* Work to be completed: The answer must be every line from the entries below that contains "elim".
==============================
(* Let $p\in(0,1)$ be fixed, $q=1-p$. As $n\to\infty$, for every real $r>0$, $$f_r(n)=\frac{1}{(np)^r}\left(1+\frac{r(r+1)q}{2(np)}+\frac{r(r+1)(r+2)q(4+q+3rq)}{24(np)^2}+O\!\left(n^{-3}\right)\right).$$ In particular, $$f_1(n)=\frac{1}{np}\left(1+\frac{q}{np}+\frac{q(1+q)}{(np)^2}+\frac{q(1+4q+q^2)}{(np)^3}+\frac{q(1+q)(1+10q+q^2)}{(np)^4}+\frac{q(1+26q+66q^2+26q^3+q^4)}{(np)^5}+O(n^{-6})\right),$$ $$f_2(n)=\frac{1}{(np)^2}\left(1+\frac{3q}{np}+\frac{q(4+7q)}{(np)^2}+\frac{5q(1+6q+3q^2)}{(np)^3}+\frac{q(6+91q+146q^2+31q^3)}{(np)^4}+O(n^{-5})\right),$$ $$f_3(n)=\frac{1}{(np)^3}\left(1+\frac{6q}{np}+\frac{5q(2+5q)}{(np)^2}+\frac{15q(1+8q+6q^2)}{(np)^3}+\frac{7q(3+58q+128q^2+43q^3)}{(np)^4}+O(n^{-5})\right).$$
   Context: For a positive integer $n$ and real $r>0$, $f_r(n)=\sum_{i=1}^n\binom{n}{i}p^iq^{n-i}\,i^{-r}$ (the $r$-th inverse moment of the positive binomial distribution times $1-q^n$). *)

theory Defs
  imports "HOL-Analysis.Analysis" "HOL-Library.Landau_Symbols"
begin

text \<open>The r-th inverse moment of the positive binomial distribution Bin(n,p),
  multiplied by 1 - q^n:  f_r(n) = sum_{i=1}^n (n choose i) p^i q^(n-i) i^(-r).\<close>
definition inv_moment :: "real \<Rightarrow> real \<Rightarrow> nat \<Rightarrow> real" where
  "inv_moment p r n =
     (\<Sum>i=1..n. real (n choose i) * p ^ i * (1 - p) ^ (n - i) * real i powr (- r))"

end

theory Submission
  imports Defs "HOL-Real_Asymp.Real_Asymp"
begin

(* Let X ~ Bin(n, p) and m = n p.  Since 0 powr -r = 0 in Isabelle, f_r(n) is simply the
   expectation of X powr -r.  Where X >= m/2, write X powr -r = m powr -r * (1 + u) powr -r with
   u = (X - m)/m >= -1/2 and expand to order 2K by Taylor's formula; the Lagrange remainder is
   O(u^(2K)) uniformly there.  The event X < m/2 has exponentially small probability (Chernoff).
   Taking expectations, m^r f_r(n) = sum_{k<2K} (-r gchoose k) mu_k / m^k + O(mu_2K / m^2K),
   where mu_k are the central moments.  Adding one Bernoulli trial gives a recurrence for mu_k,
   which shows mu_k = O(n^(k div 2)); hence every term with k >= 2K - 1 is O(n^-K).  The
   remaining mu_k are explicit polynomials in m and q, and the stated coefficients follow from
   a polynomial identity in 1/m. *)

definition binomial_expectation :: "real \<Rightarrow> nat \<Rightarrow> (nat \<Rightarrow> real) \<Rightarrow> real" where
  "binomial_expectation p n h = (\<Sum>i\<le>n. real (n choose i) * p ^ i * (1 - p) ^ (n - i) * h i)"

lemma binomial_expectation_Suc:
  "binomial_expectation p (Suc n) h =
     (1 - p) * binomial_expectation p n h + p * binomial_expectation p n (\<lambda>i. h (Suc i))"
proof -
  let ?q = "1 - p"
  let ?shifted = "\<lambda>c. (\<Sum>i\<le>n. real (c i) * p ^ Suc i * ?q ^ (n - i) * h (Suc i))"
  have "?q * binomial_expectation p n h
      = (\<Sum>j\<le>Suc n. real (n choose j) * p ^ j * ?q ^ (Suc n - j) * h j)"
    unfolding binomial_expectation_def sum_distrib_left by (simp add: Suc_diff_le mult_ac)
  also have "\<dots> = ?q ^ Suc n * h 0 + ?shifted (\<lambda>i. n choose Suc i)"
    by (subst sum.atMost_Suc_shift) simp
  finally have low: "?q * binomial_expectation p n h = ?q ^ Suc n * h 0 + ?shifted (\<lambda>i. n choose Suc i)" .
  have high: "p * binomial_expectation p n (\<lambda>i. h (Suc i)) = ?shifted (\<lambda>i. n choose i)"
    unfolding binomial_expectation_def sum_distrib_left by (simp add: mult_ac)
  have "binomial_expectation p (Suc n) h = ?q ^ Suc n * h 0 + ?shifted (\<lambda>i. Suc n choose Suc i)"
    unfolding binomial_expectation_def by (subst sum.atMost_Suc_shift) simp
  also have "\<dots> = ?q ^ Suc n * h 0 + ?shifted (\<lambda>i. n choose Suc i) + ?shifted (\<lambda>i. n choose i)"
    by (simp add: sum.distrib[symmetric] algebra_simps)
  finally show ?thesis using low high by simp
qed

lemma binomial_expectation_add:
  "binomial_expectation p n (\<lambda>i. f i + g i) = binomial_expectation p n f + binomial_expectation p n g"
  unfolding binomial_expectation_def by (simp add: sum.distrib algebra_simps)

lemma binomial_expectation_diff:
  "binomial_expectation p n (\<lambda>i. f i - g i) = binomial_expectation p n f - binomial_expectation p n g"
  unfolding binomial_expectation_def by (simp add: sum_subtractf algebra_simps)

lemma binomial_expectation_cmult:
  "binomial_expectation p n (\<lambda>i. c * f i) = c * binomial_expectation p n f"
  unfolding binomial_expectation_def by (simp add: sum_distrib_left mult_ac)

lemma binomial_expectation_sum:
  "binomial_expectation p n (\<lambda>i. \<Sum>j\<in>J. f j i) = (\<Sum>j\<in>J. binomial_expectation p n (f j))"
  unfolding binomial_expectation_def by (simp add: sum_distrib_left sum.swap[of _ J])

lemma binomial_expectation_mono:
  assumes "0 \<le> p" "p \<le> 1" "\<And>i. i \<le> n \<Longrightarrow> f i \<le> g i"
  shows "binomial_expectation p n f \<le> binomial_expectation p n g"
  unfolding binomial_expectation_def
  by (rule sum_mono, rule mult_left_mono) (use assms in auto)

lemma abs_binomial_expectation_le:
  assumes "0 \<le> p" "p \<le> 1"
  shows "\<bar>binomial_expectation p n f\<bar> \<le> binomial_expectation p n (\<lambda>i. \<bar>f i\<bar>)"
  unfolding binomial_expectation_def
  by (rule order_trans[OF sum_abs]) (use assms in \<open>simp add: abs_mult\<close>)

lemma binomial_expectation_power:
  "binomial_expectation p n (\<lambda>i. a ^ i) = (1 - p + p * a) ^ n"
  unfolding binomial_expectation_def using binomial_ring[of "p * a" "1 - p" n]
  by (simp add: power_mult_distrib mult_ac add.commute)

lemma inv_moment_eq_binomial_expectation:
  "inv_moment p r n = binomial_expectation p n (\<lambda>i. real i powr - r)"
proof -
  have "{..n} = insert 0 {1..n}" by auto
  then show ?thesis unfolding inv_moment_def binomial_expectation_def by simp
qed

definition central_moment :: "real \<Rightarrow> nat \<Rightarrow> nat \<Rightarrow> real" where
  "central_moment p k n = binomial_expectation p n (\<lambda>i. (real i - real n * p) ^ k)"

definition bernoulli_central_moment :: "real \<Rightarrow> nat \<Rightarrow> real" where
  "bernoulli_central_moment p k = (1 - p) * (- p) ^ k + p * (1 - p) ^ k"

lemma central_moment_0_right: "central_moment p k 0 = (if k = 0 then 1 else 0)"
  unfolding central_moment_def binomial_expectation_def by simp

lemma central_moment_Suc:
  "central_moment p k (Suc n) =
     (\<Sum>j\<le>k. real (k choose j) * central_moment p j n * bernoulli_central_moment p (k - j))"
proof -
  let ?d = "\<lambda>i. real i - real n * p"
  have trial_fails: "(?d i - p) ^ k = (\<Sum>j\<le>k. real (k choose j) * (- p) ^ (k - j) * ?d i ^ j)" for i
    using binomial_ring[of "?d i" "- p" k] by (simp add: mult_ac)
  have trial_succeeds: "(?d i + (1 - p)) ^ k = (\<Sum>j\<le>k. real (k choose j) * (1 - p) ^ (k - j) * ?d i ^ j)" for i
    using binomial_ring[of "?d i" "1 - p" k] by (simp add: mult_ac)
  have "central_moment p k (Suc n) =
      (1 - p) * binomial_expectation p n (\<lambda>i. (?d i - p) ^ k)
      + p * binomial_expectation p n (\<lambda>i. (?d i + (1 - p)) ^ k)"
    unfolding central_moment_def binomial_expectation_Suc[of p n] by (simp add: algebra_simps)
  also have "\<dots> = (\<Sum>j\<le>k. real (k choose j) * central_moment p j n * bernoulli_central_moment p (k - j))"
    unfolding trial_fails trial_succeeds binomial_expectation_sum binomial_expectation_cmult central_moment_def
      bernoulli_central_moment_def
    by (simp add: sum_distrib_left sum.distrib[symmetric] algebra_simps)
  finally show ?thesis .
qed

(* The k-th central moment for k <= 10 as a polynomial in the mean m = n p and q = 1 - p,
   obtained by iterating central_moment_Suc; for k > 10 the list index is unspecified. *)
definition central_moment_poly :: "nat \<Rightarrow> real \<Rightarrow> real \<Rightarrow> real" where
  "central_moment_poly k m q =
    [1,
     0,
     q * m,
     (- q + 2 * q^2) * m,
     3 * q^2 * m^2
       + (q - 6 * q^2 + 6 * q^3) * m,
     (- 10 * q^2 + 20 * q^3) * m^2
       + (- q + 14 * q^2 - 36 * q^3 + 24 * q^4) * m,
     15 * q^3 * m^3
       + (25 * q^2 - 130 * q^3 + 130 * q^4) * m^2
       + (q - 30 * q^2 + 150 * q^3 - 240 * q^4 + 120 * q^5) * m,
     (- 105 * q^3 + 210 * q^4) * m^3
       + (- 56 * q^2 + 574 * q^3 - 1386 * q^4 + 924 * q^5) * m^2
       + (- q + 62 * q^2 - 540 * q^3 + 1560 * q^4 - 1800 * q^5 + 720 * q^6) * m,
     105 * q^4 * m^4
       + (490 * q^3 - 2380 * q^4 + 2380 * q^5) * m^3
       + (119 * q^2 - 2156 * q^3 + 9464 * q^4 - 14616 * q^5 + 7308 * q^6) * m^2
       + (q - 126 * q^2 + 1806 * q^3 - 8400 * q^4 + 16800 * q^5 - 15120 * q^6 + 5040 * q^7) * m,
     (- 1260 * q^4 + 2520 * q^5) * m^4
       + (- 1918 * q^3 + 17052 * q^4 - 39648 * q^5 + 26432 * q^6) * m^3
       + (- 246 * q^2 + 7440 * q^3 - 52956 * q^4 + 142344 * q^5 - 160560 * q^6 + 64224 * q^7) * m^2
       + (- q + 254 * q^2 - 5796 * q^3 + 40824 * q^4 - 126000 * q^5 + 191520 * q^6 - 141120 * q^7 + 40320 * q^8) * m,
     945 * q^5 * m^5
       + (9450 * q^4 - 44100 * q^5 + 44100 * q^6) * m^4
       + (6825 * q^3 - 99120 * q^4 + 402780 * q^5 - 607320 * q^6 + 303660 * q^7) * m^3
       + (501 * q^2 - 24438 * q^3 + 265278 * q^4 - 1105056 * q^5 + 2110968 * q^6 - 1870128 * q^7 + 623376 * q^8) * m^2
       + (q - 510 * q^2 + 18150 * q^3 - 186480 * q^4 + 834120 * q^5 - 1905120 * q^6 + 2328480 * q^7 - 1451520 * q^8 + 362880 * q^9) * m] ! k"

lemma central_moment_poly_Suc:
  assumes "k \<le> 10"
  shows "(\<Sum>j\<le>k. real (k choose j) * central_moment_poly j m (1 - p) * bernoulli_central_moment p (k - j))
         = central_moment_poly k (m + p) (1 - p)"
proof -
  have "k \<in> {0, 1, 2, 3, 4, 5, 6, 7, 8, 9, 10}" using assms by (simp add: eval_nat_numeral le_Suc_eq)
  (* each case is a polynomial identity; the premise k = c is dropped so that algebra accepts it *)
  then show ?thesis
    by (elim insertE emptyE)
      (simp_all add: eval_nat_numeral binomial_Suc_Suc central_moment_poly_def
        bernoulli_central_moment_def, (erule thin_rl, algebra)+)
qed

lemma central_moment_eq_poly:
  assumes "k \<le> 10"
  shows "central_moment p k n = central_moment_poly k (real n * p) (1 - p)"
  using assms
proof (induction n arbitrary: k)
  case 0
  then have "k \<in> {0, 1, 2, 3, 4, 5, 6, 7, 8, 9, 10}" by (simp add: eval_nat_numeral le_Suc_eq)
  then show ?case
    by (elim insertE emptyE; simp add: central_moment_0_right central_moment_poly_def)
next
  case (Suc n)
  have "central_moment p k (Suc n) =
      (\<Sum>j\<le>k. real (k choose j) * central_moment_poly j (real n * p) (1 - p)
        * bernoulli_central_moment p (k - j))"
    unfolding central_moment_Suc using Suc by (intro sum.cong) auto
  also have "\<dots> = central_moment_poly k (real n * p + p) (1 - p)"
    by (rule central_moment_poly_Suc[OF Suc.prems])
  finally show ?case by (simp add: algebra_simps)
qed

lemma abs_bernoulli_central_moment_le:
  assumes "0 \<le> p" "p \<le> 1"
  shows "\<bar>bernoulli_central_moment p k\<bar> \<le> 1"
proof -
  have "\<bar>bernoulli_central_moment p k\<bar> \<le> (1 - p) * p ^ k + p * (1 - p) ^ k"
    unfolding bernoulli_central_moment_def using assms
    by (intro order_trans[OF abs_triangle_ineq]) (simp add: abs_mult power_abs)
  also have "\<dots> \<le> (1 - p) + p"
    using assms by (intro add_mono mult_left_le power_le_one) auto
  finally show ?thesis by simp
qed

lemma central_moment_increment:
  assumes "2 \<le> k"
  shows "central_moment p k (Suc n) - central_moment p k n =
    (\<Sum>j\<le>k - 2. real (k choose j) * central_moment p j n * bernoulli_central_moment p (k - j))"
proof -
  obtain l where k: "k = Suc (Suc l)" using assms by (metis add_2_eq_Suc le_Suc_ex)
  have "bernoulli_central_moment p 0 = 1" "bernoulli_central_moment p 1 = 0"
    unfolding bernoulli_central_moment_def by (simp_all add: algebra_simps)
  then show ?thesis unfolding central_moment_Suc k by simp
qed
==============================
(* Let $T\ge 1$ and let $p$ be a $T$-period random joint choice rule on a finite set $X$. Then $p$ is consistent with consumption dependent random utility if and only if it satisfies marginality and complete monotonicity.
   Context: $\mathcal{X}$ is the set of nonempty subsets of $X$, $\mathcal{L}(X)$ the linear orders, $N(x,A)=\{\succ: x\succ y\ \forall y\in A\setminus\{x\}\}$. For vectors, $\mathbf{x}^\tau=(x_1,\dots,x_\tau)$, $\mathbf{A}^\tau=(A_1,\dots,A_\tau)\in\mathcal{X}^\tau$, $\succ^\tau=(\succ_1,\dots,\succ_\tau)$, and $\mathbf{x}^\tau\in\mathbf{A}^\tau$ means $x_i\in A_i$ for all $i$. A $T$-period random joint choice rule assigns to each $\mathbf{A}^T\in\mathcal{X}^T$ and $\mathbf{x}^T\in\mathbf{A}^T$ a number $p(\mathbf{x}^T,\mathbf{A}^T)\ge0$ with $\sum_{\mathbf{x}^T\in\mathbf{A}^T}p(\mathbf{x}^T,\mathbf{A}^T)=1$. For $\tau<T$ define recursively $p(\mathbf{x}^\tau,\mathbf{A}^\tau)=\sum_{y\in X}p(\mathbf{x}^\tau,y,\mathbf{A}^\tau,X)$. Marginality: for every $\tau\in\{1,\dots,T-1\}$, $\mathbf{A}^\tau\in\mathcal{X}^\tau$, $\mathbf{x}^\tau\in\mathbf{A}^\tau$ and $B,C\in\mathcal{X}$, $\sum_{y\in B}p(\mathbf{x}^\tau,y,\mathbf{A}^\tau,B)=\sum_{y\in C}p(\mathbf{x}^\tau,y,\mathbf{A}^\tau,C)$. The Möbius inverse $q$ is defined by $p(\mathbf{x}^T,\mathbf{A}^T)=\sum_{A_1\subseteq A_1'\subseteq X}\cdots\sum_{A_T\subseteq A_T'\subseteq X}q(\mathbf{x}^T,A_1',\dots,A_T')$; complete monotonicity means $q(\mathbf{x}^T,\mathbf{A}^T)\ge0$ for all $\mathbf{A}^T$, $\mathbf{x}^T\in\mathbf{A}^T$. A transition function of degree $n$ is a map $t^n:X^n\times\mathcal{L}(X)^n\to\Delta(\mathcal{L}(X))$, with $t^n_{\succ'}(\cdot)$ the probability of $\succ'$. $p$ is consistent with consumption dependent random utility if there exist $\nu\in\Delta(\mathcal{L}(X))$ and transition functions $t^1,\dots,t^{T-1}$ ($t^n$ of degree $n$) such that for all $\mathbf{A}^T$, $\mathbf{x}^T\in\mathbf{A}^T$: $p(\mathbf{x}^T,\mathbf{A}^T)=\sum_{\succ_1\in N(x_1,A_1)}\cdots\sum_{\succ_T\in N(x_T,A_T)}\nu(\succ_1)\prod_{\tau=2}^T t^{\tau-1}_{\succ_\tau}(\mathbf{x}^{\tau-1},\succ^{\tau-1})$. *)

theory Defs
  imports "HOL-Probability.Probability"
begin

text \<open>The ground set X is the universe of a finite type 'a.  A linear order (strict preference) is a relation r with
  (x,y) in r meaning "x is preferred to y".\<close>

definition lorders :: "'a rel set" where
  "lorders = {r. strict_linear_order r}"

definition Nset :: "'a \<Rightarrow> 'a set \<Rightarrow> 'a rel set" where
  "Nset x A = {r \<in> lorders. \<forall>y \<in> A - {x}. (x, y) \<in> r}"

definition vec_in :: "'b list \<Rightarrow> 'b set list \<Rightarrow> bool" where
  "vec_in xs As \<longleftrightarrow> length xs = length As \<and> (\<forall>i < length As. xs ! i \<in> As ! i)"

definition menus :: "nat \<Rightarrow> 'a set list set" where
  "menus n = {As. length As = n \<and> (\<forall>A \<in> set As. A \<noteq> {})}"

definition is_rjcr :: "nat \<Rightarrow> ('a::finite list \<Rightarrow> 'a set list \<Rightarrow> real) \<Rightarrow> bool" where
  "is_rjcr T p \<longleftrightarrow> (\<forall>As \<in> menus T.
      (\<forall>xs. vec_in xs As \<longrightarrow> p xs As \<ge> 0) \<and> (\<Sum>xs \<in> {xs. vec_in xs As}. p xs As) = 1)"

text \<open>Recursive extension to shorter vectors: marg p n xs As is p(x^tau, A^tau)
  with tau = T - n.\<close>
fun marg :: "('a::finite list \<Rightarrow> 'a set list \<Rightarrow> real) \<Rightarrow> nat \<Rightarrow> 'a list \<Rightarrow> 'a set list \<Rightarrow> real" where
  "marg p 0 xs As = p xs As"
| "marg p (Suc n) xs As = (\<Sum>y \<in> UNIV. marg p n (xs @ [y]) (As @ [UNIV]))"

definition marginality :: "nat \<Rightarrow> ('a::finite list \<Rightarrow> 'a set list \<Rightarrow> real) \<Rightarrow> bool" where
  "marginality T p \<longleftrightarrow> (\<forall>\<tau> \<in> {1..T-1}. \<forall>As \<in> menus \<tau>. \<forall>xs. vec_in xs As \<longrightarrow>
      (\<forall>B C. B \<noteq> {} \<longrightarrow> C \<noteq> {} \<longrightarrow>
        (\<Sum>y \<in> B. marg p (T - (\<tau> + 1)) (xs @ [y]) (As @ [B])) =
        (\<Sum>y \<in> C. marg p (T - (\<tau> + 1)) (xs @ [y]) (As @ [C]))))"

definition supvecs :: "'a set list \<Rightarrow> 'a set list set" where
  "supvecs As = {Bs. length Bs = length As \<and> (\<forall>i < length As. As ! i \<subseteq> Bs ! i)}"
==============================
* Written solution:
    by (elim insertE emptyE)
    by (elim insertE emptyE; simp add: central_moment_0_right central_moment_poly_def)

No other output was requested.